(Material for the task Opens)

theorem theorem15:
  fixes FF :: "complex set" and N M :: nat and Phi :: "complex mat"
  assumes "FF = \<real> \<or> FF = UNIV"
    and "N \<ge> 2"
    and "\<exists>Psi. parseval_frame FF N M Psi \<and> equiangular Psi"
    and "parseval_frame FF N M Phi"
  shows "(\<forall>Psi. parseval_frame FF N M Psi \<longrightarrow> nuclear_energy 2 Psi \<le> nuclear_energy 2 Phi)
         \<longleftrightarrow> equiangular Phi"
proof -
  have bound: "nuclear_energy 2 Psi \<le> nuclear_energy_2_bound M N" if "parseval_frame FF N M Psi" for Psi
    using parseval_matrix.nuclear_energy_2_le_bound[OF parseval_matrix_if_parseval_frame[OF that]] .
  have attained: "nuclear_energy 2 Psi = nuclear_energy_2_bound M N \<longleftrightarrow> equiangular Psi"
    if "parseval_frame FF N M Psi" for Psi
    using parseval_matrix.nuclear_energy_2_eq_bound_iff_equiangular[OF parseval_matrix_if_parseval_frame[OF that] assms(2)] .
  obtain Psi where "parseval_frame FF N M Psi" "nuclear_energy 2 Psi = nuclear_energy_2_bound M N"
    using assms(3) attained by blast
  show ?thesis
  proof
    assume "\<forall>Psi. parseval_frame FF N M Psi \<longrightarrow> nuclear_energy 2 Psi \<le> nuclear_energy 2 Phi"
    then have "nuclear_energy 2 Psi \<le> nuclear_energy 2 Phi"
      using \<open>parseval_frame FF N M Psi\<close> by blast
    then have "nuclear_energy_2_bound M N \<le> nuclear_energy 2 Phi"
      using \<open>nuclear_energy 2 Psi = nuclear_energy_2_bound M N\<close> by simp
    with bound[OF assms(4)] attained[OF assms(4)] show "equiangular Phi"
      by simp
  next
    assume "equiangular Phi"
    with bound attained[OF assms(4)]
    show "\<forall>Psi. parseval_frame FF N M Psi \<longrightarrow> nuclear_energy 2 Psi \<le> nuclear_energy 2 Phi"
      by simp
  qed
qed

end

(Material for the task Closes)

> [What to do]
The required output is the set of lines from the first line of the data through the line that contains "M Psi \<and>", transcribed exactly.

> [Solution below]
theorem theorem15:
  fixes FF :: "complex set" and N M :: nat and Phi :: "complex mat"
  assumes "FF = \<real> \<or> FF = UNIV"
    and "N \<ge> 2"
    and "\<exists>Psi. parseval_frame FF N M Psi \<and> equiangular Psi"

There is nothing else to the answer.